• Your goal:
Your response should consist of every record, exactly as given.

● ● ● ●

(* Let $\mathcal{H}$ be the Hilbert space described in the context and $p\in[1,\infty)$. Let $\mu$ be a Borel probability measure on $\mathcal{H}$ such that for some $s>2p$, $$\widetilde{M}_s(\mu):=\int \Big(\sum_{j=1}^{\infty}\frac{1}{\lambda_j^2}\langle x, \psi_j\rangle^2_{L^2} \Big)^{\frac{s}{2}}\,\mu(dx) <\infty,$$ and assume there are constants $\gamma,c,C>0$ with $\lambda_j\le C\exp(-cj^\gamma)$ for all $j\ge1$. Then $$\int_{\mathcal{H}} \|\mathrm{Proj}^d (x)-x\|^q_{\mathcal{H}}\,\mu(dx) \leq C \exp\left(-c qd^\gamma\right)$$ for all $d\geq 1$ and all $q\in [p,s]$, where the constant $c$ depends only on $\widetilde{M}_s(\mu)$ and the constant $C$ depends only on $q$ and $\widetilde{M}_s(\mu)$.
   Context: Let $(\Omega,m)$ be a measure space, $(\psi_j)_{j\ge1}$ an orthonormal basis of $L^2(\Omega,m)$ with inner product $\langle\cdot,\cdot\rangle_{L^2}$, and $(\lambda_j)_{j\ge1}$ a non-increasing sequence of positive numbers converging to $0$. Let $\mathcal{H}=\{f\in L^2(\Omega,m):\sum_j\langle f,\psi_j\rangle_{L^2}^2/\lambda_j<\infty\}$ with inner product $\langle f,g\rangle_{\mathcal{H}}=\sum_j\lambda_j^{-1}\langle f,\psi_j\rangle_{L^2}\langle g,\psi_j\rangle_{L^2}$ and norm $\|\cdot\|_{\mathcal{H}}$. $\mathrm{Proj}^d$ is the orthogonal projection onto $\mathrm{span}\{\sqrt{\lambda_j}\psi_j:j=1,\dots,d\}$. *)

theory Defs
  imports "HOL-Probability.Probability"
begin

text \<open>The measure space (Omega, m) is an arbitrary measure M :: 'a measure.
  Elements of L^2 are represented by square-integrable measurable functions 'a => real.
  The orthonormal basis psi and the eigenvalues lam are indexed by j >= 1
  (the values at index 0 are irrelevant).\<close>

definition L2_set :: "'a measure \<Rightarrow> ('a \<Rightarrow> real) set" where
  "L2_set M = {f. f \<in> borel_measurable M \<and> integrable M (\<lambda>w. (f w)^2)}"

definition L2_inner :: "'a measure \<Rightarrow> ('a \<Rightarrow> real) \<Rightarrow> ('a \<Rightarrow> real) \<Rightarrow> real" where
  "L2_inner M f g = (LINT w|M. f w * g w)"

definition is_ONB :: "'a measure \<Rightarrow> (nat \<Rightarrow> 'a \<Rightarrow> real) \<Rightarrow> bool" where
  "is_ONB M psi \<longleftrightarrow>
     (\<forall>j\<ge>1. psi j \<in> L2_set M) \<and>
     (\<forall>i\<ge>1. \<forall>j\<ge>1. L2_inner M (psi i) (psi j) = (if i = j then 1 else 0)) \<and>
     (\<forall>f\<in>L2_set M. (\<forall>j\<ge>1. L2_inner M f (psi j) = 0) \<longrightarrow> (AE w in M. f w = 0))"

● ● ● ●

• Result of the task:
(* Let $\mathcal{H}$ be the Hilbert space described in the context and $p\in[1,\infty)$. Let $\mu$ be a Borel probability measure on $\mathcal{H}$ such that for some $s>2p$, $$\widetilde{M}_s(\mu):=\int \Big(\sum_{j=1}^{\infty}\frac{1}{\lambda_j^2}\langle x, \psi_j\rangle^2_{L^2} \Big)^{\frac{s}{2}}\,\mu(dx) <\infty,$$ and assume there are constants $\gamma,c,C>0$ with $\lambda_j\le C\exp(-cj^\gamma)$ for all $j\ge1$. Then $$\int_{\mathcal{H}} \|\mathrm{Proj}^d (x)-x\|^q_{\mathcal{H}}\,\mu(dx) \leq C \exp\left(-c qd^\gamma\right)$$ for all $d\geq 1$ and all $q\in [p,s]$, where the constant $c$ depends only on $\widetilde{M}_s(\mu)$ and the constant $C$ depends only on $q$ and $\widetilde{M}_s(\mu)$.
   Context: Let $(\Omega,m)$ be a measure space, $(\psi_j)_{j\ge1}$ an orthonormal basis of $L^2(\Omega,m)$ with inner product $\langle\cdot,\cdot\rangle_{L^2}$, and $(\lambda_j)_{j\ge1}$ a non-increasing sequence of positive numbers converging to $0$. Let $\mathcal{H}=\{f\in L^2(\Omega,m):\sum_j\langle f,\psi_j\rangle_{L^2}^2/\lambda_j<\infty\}$ with inner product $\langle f,g\rangle_{\mathcal{H}}=\sum_j\lambda_j^{-1}\langle f,\psi_j\rangle_{L^2}\langle g,\psi_j\rangle_{L^2}$ and norm $\|\cdot\|_{\mathcal{H}}$. $\mathrm{Proj}^d$ is the orthogonal projection onto $\mathrm{span}\{\sqrt{\lambda_j}\psi_j:j=1,\dots,d\}$. *)

theory Defs
  imports "HOL-Probability.Probability"
begin

text \<open>The measure space (Omega, m) is an arbitrary measure M :: 'a measure.
  Elements of L^2 are represented by square-integrable measurable functions 'a => real.
  The orthonormal basis psi and the eigenvalues lam are indexed by j >= 1
  (the values at index 0 are irrelevant).\<close>

definition L2_set :: "'a measure \<Rightarrow> ('a \<Rightarrow> real) set" where
  "L2_set M = {f. f \<in> borel_measurable M \<and> integrable M (\<lambda>w. (f w)^2)}"

definition L2_inner :: "'a measure \<Rightarrow> ('a \<Rightarrow> real) \<Rightarrow> ('a \<Rightarrow> real) \<Rightarrow> real" where
  "L2_inner M f g = (LINT w|M. f w * g w)"

definition is_ONB :: "'a measure \<Rightarrow> (nat \<Rightarrow> 'a \<Rightarrow> real) \<Rightarrow> bool" where
  "is_ONB M psi \<longleftrightarrow>
     (\<forall>j\<ge>1. psi j \<in> L2_set M) \<and>
     (\<forall>i\<ge>1. \<forall>j\<ge>1. L2_inner M (psi i) (psi j) = (if i = j then 1 else 0)) \<and>
     (\<forall>f\<in>L2_set M. (\<forall>j\<ge>1. L2_inner M f (psi j) = 0) \<longrightarrow> (AE w in M. f w = 0))"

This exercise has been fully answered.